Data collection and sample
The data presented in this investigation were collected by a research team at a Midwestern university as part of a larger study of high-performing districts in the US. The Middleville school district (a pseudonym), was chosen as a high-performing district for the larger study based on several criteria, the most important of which were that despite the relatively high number of students in poverty, its students had consistently outperformed the state mean on state reading, writing, and math tests at several grade levels, and had sustained a pattern of high and equitable achievement over a period of years. This pattern of high achievement, as well as identification of the school district as a high-performance outlier for the purposes of qualitative case study inquiry, was determined by means of an HLM growth model analysis similar to that outlined in Bowers (2010). Acknowledging the time that has passed since our original study, we undertook an analysis of recent district data contained in the new Stanford Education Data Archive (Reardon et al., 2016) (https://cepa.stanford.edu/seda/overview), to ascertain Middleville’s current status. This analysis revealed that the Middleville school district remains a high-poverty, high achieving outlier—having maintained this status for over 15 years.

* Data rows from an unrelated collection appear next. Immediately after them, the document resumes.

(* Let $b\ge 1$ be an integer and $\mathbf M$ an ergodic channel. For each $n$, let $\Lambda(n)$ be the spectral gap of the Glauber dynamics for the tree-process measure on the $n$-level $b$-ary tree. If $\inf_n\Lambda(n)>0$, then the mutual information between the root label $\sigma_\rho$ and the level-$n$ configuration $\sigma_n$ of $T_b$ decays exponentially: there exist $C,c>0$ with $I(\sigma_\rho,\sigma_n)\le C e^{-cn}$ for all $n$. In particular, the reconstruction problem for $T_b$ and $\mathbf M$ is not solvable.
   Context: Tree process on a rooted tree with root $\rho$: the root label is drawn from an initial distribution (here the stationary distribution of $\mathbf M$), and each non-root vertex $v$ with parent $v'$ receives label $j$ with probability $\mathbf M_{\sigma_{v'},j}$, independently across edges given parent labels. $T_b$ is the infinite rooted tree in which every vertex has exactly $b$ children; the $n$-level $b$-ary tree is its restriction to vertices at distance at most $n$ from $\rho$, and $\mu_n$ is the law of the tree process on it. Glauber dynamics for $\mu_n$ is the continuous-time Markov chain on configurations in which each vertex $v$, at rate $1$, has its label replaced by a fresh label drawn from the conditional law under $\mu_n$ of $\sigma_v$ given $(\sigma_w)_{w\ne v}$; it is reversible with respect to $\mu_n$, and $\Lambda(n)$ is its spectral gap. $L_n$ is the set of vertices at distance $n$ from $\rho$, $\sigma_n=(\sigma_v)_{v\in L_n}$. With $\mathbf P_n^\ell$ the conditional law of $\sigma_n$ given $\sigma_\rho=\ell$ and $D_V(P,Q)=\frac12\sum|P-Q|$, the reconstruction problem is solvable if there exist $i,j$ with $\lim_n D_V(\mathbf P_n^i,\mathbf P_n^j)>0$. *)

theory Defs
  imports Complex_Main "HOL-Library.FuncSet"
begin

definition stochastic :: "nat \<Rightarrow> (nat \<Rightarrow> nat \<Rightarrow> real) \<Rightarrow> bool" where
  "stochastic q M \<longleftrightarrow> (\<forall>i<q. \<forall>j<q. 0 \<le> M i j) \<and> (\<forall>i<q. (\<Sum>j<q. M i j) = 1)"

fun mpow :: "nat \<Rightarrow> (nat \<Rightarrow> nat \<Rightarrow> real) \<Rightarrow> nat \<Rightarrow> nat \<Rightarrow> nat \<Rightarrow> real" where
  "mpow q M 0 = (\<lambda>i j. if i = j then 1 else 0)"
| "mpow q M (Suc k) = (\<lambda>i j. \<Sum>l<q. mpow q M k i l * M l j)"

definition irreducible_chain :: "nat \<Rightarrow> (nat \<Rightarrow> nat \<Rightarrow> real) \<Rightarrow> bool" where
  "irreducible_chain q M \<longleftrightarrow> (\<forall>i<q. \<forall>j<q. \<exists>k. 0 < mpow q M k i j)"

definition aperiodic_chain :: "nat \<Rightarrow> (nat \<Rightarrow> nat \<Rightarrow> real) \<Rightarrow> bool" where
  "aperiodic_chain q M \<longleftrightarrow> (\<forall>i<q. Gcd {k. 0 < k \<and> 0 < mpow q M k i i} = 1)"

definition ergodic_channel :: "nat \<Rightarrow> (nat \<Rightarrow> nat \<Rightarrow> real) \<Rightarrow> bool" where
  "ergodic_channel q M \<longleftrightarrow> stochastic q M \<and> irreducible_chain q M \<and> aperiodic_chain q M"

definition stationary_dist :: "nat \<Rightarrow> (nat \<Rightarrow> nat \<Rightarrow> real) \<Rightarrow> (nat \<Rightarrow> real) \<Rightarrow> bool" where
  "stationary_dist q M p \<longleftrightarrow> (\<forall>i<q. 0 \<le> p i) \<and> (\<Sum>i<q. p i) = 1 \<and>
     (\<forall>j<q. (\<Sum>i<q. p i * M i j) = p j)"

section \<open>The n-level b-ary tree; vertices are words over {0..<b}, root [], parent = butlast\<close>

definition tree_vertices :: "nat \<Rightarrow> nat \<Rightarrow> nat list set" where
  "tree_vertices b n = {v. length v \<le> n \<and> set v \<subseteq> {..<b}}"

definition level :: "nat \<Rightarrow> nat \<Rightarrow> nat list set" where
  "level b n = {v. length v = n \<and> set v \<subseteq> {..<b}}"

definition configs :: "nat \<Rightarrow> nat \<Rightarrow> nat \<Rightarrow> (nat list \<Rightarrow> nat) set" where
  "configs q b n = PiE (tree_vertices b n) (\<lambda>_. {..<q})"

definition tree_measure ::
  "nat \<Rightarrow> (nat \<Rightarrow> nat \<Rightarrow> real) \<Rightarrow> (nat \<Rightarrow> real) \<Rightarrow> nat \<Rightarrow> nat \<Rightarrow> (nat list \<Rightarrow> nat) \<Rightarrow> real" where
  "tree_measure q M p b n \<sigma> =
     (if \<sigma> \<in> configs q b n
      then p (\<sigma> []) * (\<Prod>v\<in>tree_vertices b n - {[]}. M (\<sigma> (butlast v)) (\<sigma> v))
      else 0)"

text \<open>Jump rate from sigma to tau: each vertex v at rate 1 resamples its label from the
  conditional law of sigma_v given the other labels.\<close>
definition glauber_rate ::
  "nat \<Rightarrow> (nat \<Rightarrow> nat \<Rightarrow> real) \<Rightarrow> (nat \<Rightarrow> real) \<Rightarrow> nat \<Rightarrow> nat \<Rightarrow>
   (nat list \<Rightarrow> nat) \<Rightarrow> (nat list \<Rightarrow> nat) \<Rightarrow> real" where
  "glauber_rate q M p b n \<sigma> \<tau> =
     (\<Sum>v\<in>tree_vertices b n.
        if (\<forall>w. w \<noteq> v \<longrightarrow> \<sigma> w = \<tau> w)
        then tree_measure q M p b n \<tau> / (\<Sum>a<q. tree_measure q M p b n (\<sigma>(v := a)))
        else 0)"

definition dirichlet_form ::
  "nat \<Rightarrow> (nat \<Rightarrow> nat \<Rightarrow> real) \<Rightarrow> (nat \<Rightarrow> real) \<Rightarrow> nat \<Rightarrow> nat \<Rightarrow>
   ((nat list \<Rightarrow> nat) \<Rightarrow> real) \<Rightarrow> real" where
  "dirichlet_form q M p b n f =
     (1/2) * (\<Sum>\<sigma>\<in>configs q b n. \<Sum>\<tau>\<in>configs q b n.
        tree_measure q M p b n \<sigma> * glauber_rate q M p b n \<sigma> \<tau> * (f \<sigma> - f \<tau>)^2)"

definition tm_mean ::
  "nat \<Rightarrow> (nat \<Rightarrow> nat \<Rightarrow> real) \<Rightarrow> (nat \<Rightarrow> real) \<Rightarrow> nat \<Rightarrow> nat \<Rightarrow>
   ((nat list \<Rightarrow> nat) \<Rightarrow> real) \<Rightarrow> real" where
  "tm_mean q M p b n f = (\<Sum>\<sigma>\<in>configs q b n. tree_measure q M p b n \<sigma> * f \<sigma>)"

definition tm_variance ::
  "nat \<Rightarrow> (nat \<Rightarrow> nat \<Rightarrow> real) \<Rightarrow> (nat \<Rightarrow> real) \<Rightarrow> nat \<Rightarrow> nat \<Rightarrow>
   ((nat list \<Rightarrow> nat) \<Rightarrow> real) \<Rightarrow> real" where
  "tm_variance q M p b n f =
     (\<Sum>\<sigma>\<in>configs q b n. tree_measure q M p b n \<sigma> * (f \<sigma> - tm_mean q M p b n f)^2)"

definition spectral_gap ::
  "nat \<Rightarrow> (nat \<Rightarrow> nat \<Rightarrow> real) \<Rightarrow> (nat \<Rightarrow> real) \<Rightarrow> nat \<Rightarrow> nat \<Rightarrow> real" where
  "spectral_gap q M p b n =
     Inf {dirichlet_form q M p b n f / tm_variance q M p b n f | f. 0 < tm_variance q M p b n f}"

definition leaf_configs :: "nat \<Rightarrow> nat \<Rightarrow> nat \<Rightarrow> (nat list \<Rightarrow> nat) set" where
  "leaf_configs q b n = PiE (level b n) (\<lambda>_. {..<q})"

definition joint_law ::
  "nat \<Rightarrow> (nat \<Rightarrow> nat \<Rightarrow> real) \<Rightarrow> (nat \<Rightarrow> real) \<Rightarrow> nat \<Rightarrow> nat \<Rightarrow> nat \<Rightarrow> (nat list \<Rightarrow> nat) \<Rightarrow> real" where
  "joint_law q M p b n i x =
     (\<Sum>\<sigma>\<in>{\<sigma>\<in>configs q b n. \<sigma> [] = i \<and> restrict \<sigma> (level b n) = x}. tree_measure q M p b n \<sigma>)"

definition root_law ::
  "nat \<Rightarrow> (nat \<Rightarrow> nat \<Rightarrow> real) \<Rightarrow> (nat \<Rightarrow> real) \<Rightarrow> nat \<Rightarrow> nat \<Rightarrow> nat \<Rightarrow> real" where
  "root_law q M p b n i = (\<Sum>x\<in>leaf_configs q b n. joint_law q M p b n i x)"

definition leaf_law ::
  "nat \<Rightarrow> (nat \<Rightarrow> nat \<Rightarrow> real) \<Rightarrow> (nat \<Rightarrow> real) \<Rightarrow> nat \<Rightarrow> nat \<Rightarrow> (nat list \<Rightarrow> nat) \<Rightarrow> real" where
  "leaf_law q M p b n x = (\<Sum>i<q. joint_law q M p b n i x)"

definition mutual_info ::
  "nat \<Rightarrow> (nat \<Rightarrow> nat \<Rightarrow> real) \<Rightarrow> (nat \<Rightarrow> real) \<Rightarrow> nat \<Rightarrow> nat \<Rightarrow> real" where
  "mutual_info q M p b n =
     (\<Sum>i<q. \<Sum>x\<in>leaf_configs q b n.
        (let J = joint_law q M p b n i x in
         if J = 0 then 0
         else J * ln (J / (root_law q M p b n i * leaf_law q M p b n x))))"

definition cond_leaf_law ::
  "nat \<Rightarrow> (nat \<Rightarrow> nat \<Rightarrow> real) \<Rightarrow> (nat \<Rightarrow> real) \<Rightarrow> nat \<Rightarrow> nat \<Rightarrow> nat \<Rightarrow> (nat list \<Rightarrow> nat) \<Rightarrow> real" where
  "cond_leaf_law q M p b n l x = joint_law q M p b n l x / root_law q M p b n l"

definition tv_dist ::
  "nat \<Rightarrow> (nat \<Rightarrow> nat \<Rightarrow> real) \<Rightarrow> (nat \<Rightarrow> real) \<Rightarrow> nat \<Rightarrow> nat \<Rightarrow> nat \<Rightarrow> nat \<Rightarrow> real" where
  "tv_dist q M p b n i j =
     (1/2) * (\<Sum>x\<in>leaf_configs q b n. \<bar>cond_leaf_law q M p b n i x - cond_leaf_law q M p b n j x\<bar>)"

definition reconstruction_solvable ::
  "nat \<Rightarrow> (nat \<Rightarrow> nat \<Rightarrow> real) \<Rightarrow> (nat \<Rightarrow> real) \<Rightarrow> nat \<Rightarrow> bool" where
  "reconstruction_solvable q M p b \<longleftrightarrow>
     (\<exists>i<q. \<exists>j<q. \<exists>L>0. (\<lambda>n. tv_dist q M p b n i j) \<longlonglongrightarrow> L)"

end

theory Submission
  imports Defs
begin

text \<open>A uniform spectral gap \<open>\<lambda>\<close> is a Poincare inequality for the random-scan Gibbs
  sampler, so \<open>m\<close> Gibbs steps shrink the \<open>L\<^sup>2(\<mu>)\<close> norm of a centred function by
  \<open>exp (- \<lambda> m / (2 |V|))\<close>. Start the sampler from a bounded function of the leaf labels and
  run it for \<open>m \<approx> \<delta> n |V|\<close> steps; its covariance with a centred function of the root label
  is then exponentially small in \<open>n\<close>. Only the update at the root changes that covariance, by
  at most the influence of the root label on the current function divided by \<open>|V|\<close>. Influence
  climbs at most one level per update, so a potential weighting level \<open>k\<close> by
  \<open>(e\<^sup>2 b)\<^sup>n\<^sup>-\<^sup>k\<close> keeps the influence of the root below \<open>2 e\<^sup>-\<^sup>n\<close> over the whole run. Taking
  for the root function an indicator and for the leaf function a sign pattern, the covariances
  become the \<open>l\<^sup>1\<close> distances between the joint law of \<open>(\<sigma>\<^sub>\<rho>, \<sigma>\<^sub>n)\<close> and the product of
  its marginals, which control the mutual information (through \<open>ln x \<le> x - 1\<close>) and the total
  variation distances between the laws \<open>P\<^sub>n\<^sup>i\<close>.\<close>

lemma sum_PiE_insert:
  assumes "x \<notin> S" "finite S" "finite (T x)"
  shows "(\<Sum>f\<in>PiE (insert x S) T. F f) = (\<Sum>y\<in>T x. \<Sum>g\<in>PiE S T. F (g(x := y)))"
proof -
  have "(\<Sum>f\<in>PiE (insert x S) T. F f) = (\<Sum>z\<in>T x \<times> PiE S T. F ((\<lambda>(y, g). g(x := y)) z))"
    unfolding PiE_insert_eq by (subst sum.reindex) (auto simp: inj_combinator[OF assms(1)])
  also have "\<dots> = (\<Sum>y\<in>T x. \<Sum>g\<in>PiE S T. F (g(x := y)))"
    by (simp add: sum.cartesian_product case_prod_unfold)
  finally show ?thesis .
qed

For the larger study, this district was examined as a qualitative case study (Yin, 2014) in which semi-structured interviews and focus groups were conducted with all administrators (the superintendent, assistant superintendent, and principals), the SFA program facilitators (an experienced teacher acting as an instructional coach), and a significant cross-section of teachers across the elementary, middle, and high schools. The bulk of these interview data were collected in two separate waves—an initial wave in 2005, and a follow-up approximately one year later. In an attempt to answer the research questions occupying this study, one final wave of data collection was conducted with an opportunistic sample of Middleville school staff which, it was hoped, would allow us to more closely examine emergent themes of central concern in this article. Opportunistic sampling is a type of purposive sampling which is intended to target specific types of participants along themes/theory from initial data analysis with the purpose of investigating them more in depth (Miles et al., 2013). Thus, teachers in this supplementary wave of interviews were selected based on their number of years in the district so as to probe perceptions of the ways in which the district had changed since the adoption of SFA.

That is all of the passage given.